This was the first day of a bright new year.
The dead sitter lay sprawled on the floor midway down the hallway that ran the rear length of the apartment. Baby's bedroom at the far end, off a fire escape. Tool marks on the window and sill, they figured this was where he'd come in. Mobile with a torn cord lying on the floor beside the crib. Monoghan and Monroe stood looking down at the dead girl, their hats settled low on their heads, their hands in the pockets of their overcoats. Of all the men in the room, they were the only two wearing hats. Someone in the department once said for publication that the only detectives who wore hats in this city were Homicide detectives. The person who'd said this was a Homicide detective himself, so perhaps there was some truth to the ancient bromide. In this city, Homicide detectives were supposed to supervise each and every murder investigation. Perhaps this was why they wore hats: to look supervisory. By department regulations, however, a murder case officially belonged to the precinct catching the squeal. Tonight's double murder would be investigated by detectives in the local precinct. The Eight-Seven. Detectives Meyer Meyer and Steve Carella. Lucky them.

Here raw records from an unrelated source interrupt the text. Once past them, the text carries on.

(* Fix an edge xy with x in X. If t neighbours of y and t neighbours of x spanned no edges
   between them, they would form an induced S_{t,t} together with xy; a Kovari-Sos-Turan count
   therefore shows that at most K(t, eps) neighbours of y miss an eps/8-fraction of N(x) - y.
   Propagating this along paths from a vertex x0 of maximum degree, connectivity gives every
   y in Y a neighbour w whose neighbourhood covers almost all of N(x0), so d(w) >= (1 - eps/2) Delta_X.
   A low neighbour of y misses an eps/2-fraction of N(w), hence y has at most K low neighbours.
   Since the minimum degree is large compared with K, every low vertex keeps many non-low
   neighbours while every vertex is adjacent to at most K low ones, and Hall's theorem applied to
   two copies of each low vertex yields the two disjoint systems of neighbours. *)

theory Submission
  imports Defs
begin

section \<open>Hall's theorem\<close>

definition hall_condition :: "'i set \<Rightarrow> ('i \<Rightarrow> 'b set) \<Rightarrow> bool" where
  "hall_condition I A \<longleftrightarrow> (\<forall>J\<subseteq>I. card J \<le> card (\<Union>(A ` J)))"

definition distinct_representatives :: "'i set \<Rightarrow> ('i \<Rightarrow> 'b set) \<Rightarrow> bool" where
  "distinct_representatives I A \<longleftrightarrow> (\<exists>f. inj_on f I \<and> (\<forall>i\<in>I. f i \<in> A i))"

lemma hall_condition_finite_nonempty:
  assumes "hall_condition I A" "i \<in> I"
  shows "finite (A i)" "A i \<noteq> {}"
proof -
  have "card {i} \<le> card (\<Union>(A ` {i}))"
    using assms unfolding hall_condition_def by (metis empty_subsetI insert_subset)
  then have "0 < card (A i)" by simp
  then show "finite (A i)" "A i \<noteq> {}" by (simp_all add: card_gt_0_iff)
qed

lemma hall_condition_remove_tight:
  assumes hall: "hall_condition I A" and "finite I" and J: "J \<subseteq> I" "card J = card (\<Union>(A ` J))"
  shows "hall_condition (I - J) (\<lambda>i. A i - \<Union>(A ` J))"
  unfolding hall_condition_def
proof (intro allI impI)
  fix K assume K: "K \<subseteq> I - J"
  have "K \<union> J \<subseteq> I" using K J by blast
  then have fin: "finite (K \<union> J)" using \<open>finite I\<close> by (rule finite_subset)
  have "finite (\<Union>(A ` (K \<union> J)))"
    using fin hall_condition_finite_nonempty(1)[OF hall] \<open>K \<union> J \<subseteq> I\<close> by auto
  moreover have "\<Union>(A ` J) \<subseteq> \<Union>(A ` (K \<union> J))" by auto
  ultimately have "card (\<Union>(A ` (K \<union> J)) - \<Union>(A ` J)) = card (\<Union>(A ` (K \<union> J))) - card J"
    using J(2) by (simp add: card_Diff_subset finite_subset)
  moreover have "card (K \<union> J) = card K + card J"
    using K fin by (subst card_Un_disjoint) auto
  moreover have "card (K \<union> J) \<le> card (\<Union>(A ` (K \<union> J)))"
    using hall \<open>K \<union> J \<subseteq> I\<close> unfolding hall_condition_def by blast
  moreover have "\<Union>((\<lambda>i. A i - \<Union>(A ` J)) ` K) = \<Union>(A ` (K \<union> J)) - \<Union>(A ` J)" by auto
  ultimately show "card K \<le> card (\<Union>((\<lambda>i. A i - \<Union>(A ` J)) ` K))" by simp
qed
(* There is an absolute constant $c>0$ such that the following holds. Let $J\ge 1$ and let $\mathbf{b}=(b_1,\dots,b_J)$ be non-negative integers with $b_1+\cdots+b_J=J$. Then \[ \sum_{\mathbf{d}\in\mathcal{D}(\mathbf{b})} \frac{|\mathscr{L}^*(\mathbf{d})|}{d_1\cdots d_J} \ge c\,\frac{(2\log 2)^J}{\sum_{i=1}^J 2^{b_1+\cdots+b_i-i}}. \]
   Context: $\mathcal{D}(\mathbf{b}) = \prod_{i=1}^J \{2^{i-1},2^{i-1}+1,\dots,2^i-1\}^{b_i}$, i.e. the set of $J$-tuples $\mathbf{d}=(d_1,\dots,d_J)$ of positive integers whose first $b_1$ coordinates lie in $[1,1]$, next $b_2$ coordinates lie in $[2,3]$, ..., last $b_J$ coordinates lie in $[2^{J-1},2^J-1]$. For a tuple $\mathbf{a}=(a_1,\dots,a_r)$, $\mathscr{L}^*(\mathbf{a}) = \{\sum_{i\in I} a_i : I\subset\{1,\dots,r\}\}$ is its set of subset sums, and $|\cdot|$ denotes cardinality. Logarithms are natural. *)

theory Defs
  imports "HOL-Analysis.Analysis"
begin

definition psum :: "(nat \<Rightarrow> nat) \<Rightarrow> nat \<Rightarrow> nat" where
  "psum b i = (\<Sum>j=1..i. b j)"

definition Dset :: "nat \<Rightarrow> (nat \<Rightarrow> nat) \<Rightarrow> (nat \<Rightarrow> nat) set" where
  "Dset J b = {d. (\<forall>k. k \<notin> {1..J} \<longrightarrow> d k = 0) \<and>
      (\<forall>i\<in>{1..J}. \<forall>k. psum b (i - 1) < k \<and> k \<le> psum b i \<longrightarrow>
          d k \<in> {2 ^ (i - 1) .. 2 ^ i - 1})}"

definition subset_sums :: "nat \<Rightarrow> (nat \<Rightarrow> nat) \<Rightarrow> nat set" where
  "subset_sums r a = {\<Sum>i\<in>I. a i | I. I \<subseteq> {1..r}}"

end

theory Submission
  imports Defs
begin

(*
  Put w(d) = 1/(d_1 \<cdots> d_J) and T = \<Sum>_{d \<in> D} w(d) \<ge> (log 2)^J, and let E(d) count the
  pairs (I, I') of index sets with equal d-sums.  Cauchy--Schwarz over the fibres of
  I \<mapsto> \<Sum>_{i\<in>I} d_i gives (2^J T)^2 \<le> (\<Sum>_d w(d) |L*(d)|) (\<Sum>_d w(d) E(d)), so it suffices to
  bound \<Sum>_d w(d) E(d).  The diagonal pairs contribute 2^J T.  For I \<noteq> I' let m be the
  largest index at which they differ and i the block containing m: resampling d_m over its
  dyadic block [2^(i-1), 2^i) shows that the tuples with \<Sum>_I d = \<Sum>_I' d carry weight at
  most T / (2^(i-1) log 2), and at most 2^J 2^(m-1) pairs have this m.  Summing over m
  bounds the off-diagonal part by (2^(J+1) T / log 2) \<Sum>_i 2^(b_1+\<dots>+b_i-i).
*)

lemma ln_diff_le_sum_inverse:
  assumes "1 \<le> a" "a \<le> c"
  shows "ln (real c) - ln (real a) \<le> (\<Sum>x\<in>{a..<c}. 1 / real x)"
  using assms(2)
proof (induction c rule: dec_induct)
  case base
  then show ?case by simp
next
  case (step n)
  have n: "real n \<ge> 1" using step assms by simp
  have "ln (real (Suc n)) - ln (real n) = ln (real (Suc n) / real n)"
    using n by (simp add: ln_div)
  also have "real (Suc n) / real n = 1 + 1 / real n"
    using n by (simp add: field_simps)
  also have "ln (1 + 1 / real n) \<le> 1 / real n" by (rule ln_add_one_self_le_self) simp
  finally show ?case using step by simp
qed

definition dyadic_block :: "nat \<Rightarrow> nat set" where
  "dyadic_block i = {2 ^ (i - 1) ..< 2 ^ i}"

lemma finite_dyadic_block [simp]: "finite (dyadic_block i)"
  by (simp add: dyadic_block_def)

lemma dyadic_block_ge: "x \<in> dyadic_block i \<Longrightarrow> 2 ^ (i - 1) \<le> x"
  by (simp add: dyadic_block_def)

lemma dyadic_block_pos: "x \<in> dyadic_block i \<Longrightarrow> 0 < x"
  using dyadic_block_ge[of x i] by (metis le_zero_eq not_gr0 power_not_zero zero_neq_numeral)

lemma ln2_le_sum_inverse_dyadic_block:
  assumes "1 \<le> i"
  shows "ln 2 \<le> (\<Sum>x\<in>dyadic_block i. 1 / real x)"
proof -
  have "ln 2 = ln (real (2 ^ i)) - ln (real ((2::nat) ^ (i - 1)))"
    using assms by (simp add: ln_realpow of_nat_diff algebra_simps)
  also have "\<dots> \<le> (\<Sum>x\<in>dyadic_block i. 1 / real x)"
    unfolding dyadic_block_def by (rule ln_diff_le_sum_inverse) (auto intro: power_increasing)
  finally show ?thesis .
qed

lemma sum_pow2_le: "(\<Sum>m=1..n. (2::real) ^ (m - 1)) \<le> 2 ^ n"
  by (induction n) simp_all

lemma weighted_Cauchy_Schwarz:
  fixes w x :: "'a \<Rightarrow> real"
  assumes "\<And>a. a \<in> A \<Longrightarrow> w a \<ge> 0"
  shows "(\<Sum>a\<in>A. w a * x a)\<^sup>2 \<le> (\<Sum>a\<in>A. w a) * (\<Sum>a\<in>A. w a * (x a)\<^sup>2)"
proof -
  have "(\<Sum>a\<in>A. sqrt (w a) * (sqrt (w a) * x a))\<^sup>2
     \<le> (\<Sum>a\<in>A. (sqrt (w a))\<^sup>2) * (\<Sum>a\<in>A. (sqrt (w a) * x a)\<^sup>2)"
    by (rule Cauchy_Schwarz_ineq_sum)
  moreover have "(\<Sum>a\<in>A. sqrt (w a) * (sqrt (w a) * x a)) = (\<Sum>a\<in>A. w a * x a)"
    by (rule sum.cong) (use assms in \<open>auto simp: mult.assoc[symmetric]\<close>)
  moreover have "(\<Sum>a\<in>A. (sqrt (w a))\<^sup>2) = (\<Sum>a\<in>A. w a)"
    by (rule sum.cong) (use assms in auto)
  moreover have "(\<Sum>a\<in>A. (sqrt (w a) * x a)\<^sup>2) = (\<Sum>a\<in>A. w a * (x a)\<^sup>2)"
    by (rule sum.cong) (use assms in \<open>auto simp: power_mult_distrib\<close>)
  ultimately show ?thesis by simp
qed

lemma sum_card_fibres:
  assumes "finite A"
  shows "(\<Sum>v\<in>s ` A. card {x\<in>A. s x = v}) = card A"
  using card_eq_sum[of A] sum.image_gen[OF assms, of "\<lambda>_. 1::nat" s] by simp

lemma sum_card_fibres_squared:
  assumes "finite A"
  shows "(\<Sum>v\<in>s ` A. (card {x\<in>A. s x = v})\<^sup>2) = card {p\<in>A \<times> A. s (fst p) = s (snd p)}"
proof -
  let ?C = "{p\<in>A \<times> A. s (fst p) = s (snd p)}"
  have image: "(\<lambda>p. s (fst p)) ` ?C = s ` A"
    by (force intro: image_eqI[where x = "(_, _)"])
  have fibre: "{p\<in>?C. s (fst p) = v} = {x\<in>A. s x = v} \<times> {x\<in>A. s x = v}" for v
    by auto
  have "card ?C = (\<Sum>v\<in>(\<lambda>p. s (fst p)) ` ?C. card {p\<in>?C. s (fst p) = v})"
    using card_eq_sum[of ?C] sum.image_gen[of ?C "\<lambda>_. 1::nat" "\<lambda>p. s (fst p)"] assms by simp
  then show ?thesis
    unfolding image fibre by (simp add: card_cartesian_product power2_eq_square)
qed

text \<open>Cauchy--Schwarz over the fibres of each \<open>s d\<close>: many collisions are needed to make
  the images small.\<close>
lemma weighted_collision_bound:
  fixes w :: "'d \<Rightarrow> real" and A :: "'d \<Rightarrow> 'a set" and s :: "'d \<Rightarrow> 'a \<Rightarrow> 'b"
  assumes "finite D" "\<And>d. d \<in> D \<Longrightarrow> finite (A d)" "\<And>d. d \<in> D \<Longrightarrow> w d \<ge> 0"
  shows "(\<Sum>d\<in>D. w d * card (A d))\<^sup>2
    \<le> (\<Sum>d\<in>D. w d * card (s d ` A d)) * (\<Sum>d\<in>D. w d * card {p\<in>A d \<times> A d. s d (fst p) = s d (snd p)})"
proof -
  let ?n = "\<lambda>d v. real (card {x\<in>A d. s d x = v})"
  have Sigma: "(\<Sum>p\<in>(SIGMA d:D. s d ` A d). f (fst p) (snd p)) = (\<Sum>d\<in>D. \<Sum>v\<in>s d ` A d. f d v)"
    for f :: "'d \<Rightarrow> 'b \<Rightarrow> real"
    using assms(1,2) by (subst sum.Sigma) (auto simp: split_beta)
  have "(\<Sum>p\<in>(SIGMA d:D. s d ` A d). w (fst p) * ?n (fst p) (snd p))\<^sup>2
      \<le> (\<Sum>p\<in>(SIGMA d:D. s d ` A d). w (fst p))
        * (\<Sum>p\<in>(SIGMA d:D. s d ` A d). w (fst p) * (?n (fst p) (snd p))\<^sup>2)"
    by (rule weighted_Cauchy_Schwarz) (use assms(3) in auto)
  moreover have "(\<Sum>p\<in>(SIGMA d:D. s d ` A d). w (fst p) * ?n (fst p) (snd p))
      = (\<Sum>d\<in>D. w d * card (A d))"
    unfolding Sigma[of "\<lambda>d v. w d * ?n d v"]
    by (intro sum.cong) (simp_all add: sum_card_fibres assms(2) flip: sum_distrib_left of_nat_sum)
  moreover have "(\<Sum>p\<in>(SIGMA d:D. s d ` A d). w (fst p)) = (\<Sum>d\<in>D. w d * card (s d ` A d))"
    unfolding Sigma[of "\<lambda>d v. w d"] by (simp add: mult.commute)
  moreover have "(\<Sum>p\<in>(SIGMA d:D. s d ` A d). w (fst p) * (?n (fst p) (snd p))\<^sup>2)
      = (\<Sum>d\<in>D. w d * card {p\<in>A d \<times> A d. s d (fst p) = s d (snd p)})"
    unfolding Sigma[of "\<lambda>d v. w d * (?n d v)\<^sup>2"]
    by (intro sum.cong)
      (simp_all add: sum_card_fibres_squared assms(2) flip: sum_distrib_left of_nat_sum of_nat_power)
  ultimately show ?thesis by simp
qed

lemma finite_funs_zero_outside:
  assumes "finite A" "\<And>k. k \<in> A \<Longrightarrow> finite (X k)"
  shows "finite {d. (\<forall>k. k \<notin> A \<longrightarrow> d k = 0) \<and> (\<forall>k\<in>A. d k \<in> X k)}"
proof -
  have "{d. (\<forall>k. k \<notin> A \<longrightarrow> d k = 0) \<and> (\<forall>k\<in>A. d k \<in> X k)}
      = (\<lambda>e k. if k \<in> A then e k else 0) ` PiE A X"
    by (auto intro!: image_eqI[where x = "restrict _ A"])
  then show ?thesis using assms by (simp add: finite_PiE)
qed

lemma sum_prod_funs_zero_outside:
  fixes g :: "'a \<Rightarrow> 'b::zero \<Rightarrow> 'c::comm_semiring_1"
  assumes "finite A" "\<And>k. k \<in> A \<Longrightarrow> finite (X k)"
  shows "(\<Sum>d\<in>{d. (\<forall>k. k \<notin> A \<longrightarrow> d k = 0) \<and> (\<forall>k\<in>A. d k \<in> X k)}. \<Prod>k\<in>A. g k (d k))
      = (\<Prod>k\<in>A. \<Sum>x\<in>X k. g k x)"
proof -
  let ?extend = "\<lambda>e k. if k \<in> A then e k else 0"
  have "(\<Prod>k\<in>A. \<Sum>x\<in>X k. g k x) = (\<Sum>e\<in>PiE A X. \<Prod>k\<in>A. g k (e k))"
    by (rule prod_sum_PiE) (use assms in auto)
  also have "\<dots> = (\<Sum>d\<in>{d. (\<forall>k. k \<notin> A \<longrightarrow> d k = 0) \<and> (\<forall>k\<in>A. d k \<in> X k)}. \<Prod>k\<in>A. g k (d k))"
    by (rule sum.reindex_bij_witness[where i = "\<lambda>d. restrict d A" and j = ?extend])
      (auto simp: PiE_def extensional_def intro!: prod.cong)
  finally show ?thesis by simp
qed

text \<open>If \<open>m \<in> I - I'\<close>, the relation \<open>\<Sum>I d = \<Sum>I' d\<close> determines \<open>d m\<close> from the other coordinates.\<close>
lemma inj_on_fun_upd_equal_sums:
  fixes I I' :: "'a set"
  assumes "finite I" "m \<in> I" "m \<notin> I'"
  shows "inj_on (\<lambda>(d, x). d(m := x))
    ({d :: 'a \<Rightarrow> 'b::cancel_comm_monoid_add. (\<Sum>k\<in>I. d k) = (\<Sum>k\<in>I'. d k)} \<times> UNIV)"
proof (rule inj_onI, clarsimp)
  fix d d' :: "'a \<Rightarrow> 'b" and x x'
  assume d: "(\<Sum>k\<in>I. d k) = (\<Sum>k\<in>I'. d k)" and d': "(\<Sum>k\<in>I. d' k) = (\<Sum>k\<in>I'. d' k)"
    and eq: "d(m := x) = d'(m := x')"
  have off: "d k = d' k" if "k \<noteq> m" for k
    using fun_cong[OF eq, of k] that by simp
  have "d m + (\<Sum>k\<in>I - {m}. d k) = d' m + (\<Sum>k\<in>I - {m}. d k)"
  proof -
    have "d m + (\<Sum>k\<in>I - {m}. d k) = (\<Sum>k\<in>I'. d k)"
      using d by (simp add: sum.remove[OF assms(1,2)])
    also have "\<dots> = (\<Sum>k\<in>I'. d' k)"
      by (intro sum.cong refl off) (use assms(3) in blast)
    also have "\<dots> = d' m + (\<Sum>k\<in>I - {m}. d' k)"
      using d' by (simp add: sum.remove[OF assms(1,2)])
    also have "(\<Sum>k\<in>I - {m}. d' k) = (\<Sum>k\<in>I - {m}. d k)"
      by (intro sum.cong refl off[symmetric]) blast
    finally show ?thesis .
  qed
  then have "d m = d' m" by simp
  with off have "d = d'" by (metis ext)
  then show "d = d' \<and> x = x'"
    using fun_cong[OF eq, of m] by simp
qed

definition max_sym_diff :: "nat set \<times> nat set \<Rightarrow> nat" where
  "max_sym_diff p = Max (sym_diff (fst p) (snd p))"

lemma max_sym_diff_in:
  assumes "finite I" "finite I'" "I \<noteq> I'"
  shows "max_sym_diff (I, I') \<in> sym_diff I I'"
  unfolding max_sym_diff_def fst_conv snd_conv using assms by (intro Max_in) auto

lemma max_sym_diff_ge:
  assumes "finite I" "finite I'" "k \<in> sym_diff I I'"
  shows "k \<le> max_sym_diff (I, I')"
  unfolding max_sym_diff_def fst_conv snd_conv using assms by (intro Max_ge) auto

lemma max_sym_diff_mem:
  assumes "finite A" "p \<in> Pow A \<times> Pow A" "fst p \<noteq> snd p"
  shows "max_sym_diff p \<in> A"
proof -
  obtain I I' where p: "p = (I, I')" by fastforce
  have "I \<subseteq> A" "I' \<subseteq> A" using assms(2) unfolding p by auto
  then have "finite I" "finite I'" using assms(1) by (auto dest: finite_subset)
  then show ?thesis
    using max_sym_diff_in[of I I'] assms(3) \<open>I \<subseteq> A\<close> \<open>I' \<subseteq> A\<close> unfolding p by auto
qed

lemma eq_if_max_sym_diff_eq:
  assumes fin: "finite I" "finite I'" "finite K'"
    and ne: "I \<noteq> I'" "I \<noteq> K'"
    and m: "max_sym_diff (I, I') = m" "max_sym_diff (I, K') = m"
    and below: "I' \<inter> {..<m} = K' \<inter> {..<m}"
  shows "I' = K'"
proof (rule set_eqI)
  fix k
  consider "k < m" | "k = m" | "m < k" by linarith
  then show "k \<in> I' \<longleftrightarrow> k \<in> K'"
  proof cases
    case 1
    then show ?thesis using below by blast
  next
    case 2
    have "m \<in> sym_diff I I'" "m \<in> sym_diff I K'"
      using max_sym_diff_in[of I I'] max_sym_diff_in[of I K'] fin ne m by auto
    with 2 show ?thesis by blast
  next
    case 3
    then show ?thesis
      using max_sym_diff_ge[of I I' k] max_sym_diff_ge[of I K' k] fin m by auto
  qed
qed

lemma card_pairs_max_sym_diff_le:
  "card {p \<in> Pow {1..n} \<times> Pow {1..n}. fst p \<noteq> snd p \<and> max_sym_diff p = m} \<le> 2 ^ n * 2 ^ (m - 1)"
proof -
  let ?Q = "{p \<in> Pow {1..n} \<times> Pow {1..n}. fst p \<noteq> snd p \<and> max_sym_diff p = m}"
  let ?g = "\<lambda>p. (fst p, snd p \<inter> {..<m})"
  have "inj_on ?g ?Q"
  proof (rule inj_onI)
    fix p q
    assume Q: "p \<in> ?Q" "q \<in> ?Q" and g: "?g p = ?g q"
    obtain I I' K K' where pq: "p = (I, I')" "q = (K, K')" by fastforce
    have "I \<subseteq> {1..n}" "I' \<subseteq> {1..n}" "K' \<subseteq> {1..n}"
      using Q unfolding pq by auto
    then have "finite I" "finite I'" "finite K'"
      by (meson finite_atLeastAtMost finite_subset)+
    then show "p = q"
      using Q g eq_if_max_sym_diff_eq[of I I' K' m] unfolding pq by auto
  qed
  then have "card ?Q = card (?g ` ?Q)" by (simp add: card_image)
  also have "\<dots> \<le> card (Pow {1..n} \<times> Pow {1..<m})"
    by (rule card_mono) auto
  also have "\<dots> = 2 ^ n * 2 ^ (m - 1)"
    by (simp add: card_cartesian_product card_Pow)
  finally show ?thesis .
qed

The M.E. was crouched over the teenager's body. Monoghan guessed he would tell them any minute now that the girl was dead from the knife sticking out of her chest. Monoghan had been called out from a party. He was still just drunk enough to find all of this somehow comical. Dead girl on the floor here, blouse torn, skirt up around her ass, knife in her chest. A lapis pendant on a broken gold chain coiled like a blue-headed snake on the floor beside her. Monoghan looked down at the M.E. and smiled mysteriously. Monroe was cold sober, but he found all of this a little comical, too, perhaps because it was New Year's Day and in this rotten business if you didn't laugh and dance away all your troubles and cares --
"She's dead," the M.E. said.
Which made it official.
"Shot, right?" Monoghan asked, and smiled mysteriously.
The M.E. didn't bother answering him. He snapped his satchel shut, got to his feet, and then walked into the living room, where Carella and Meyer were still trying to get some answers from the baby's dazed parents.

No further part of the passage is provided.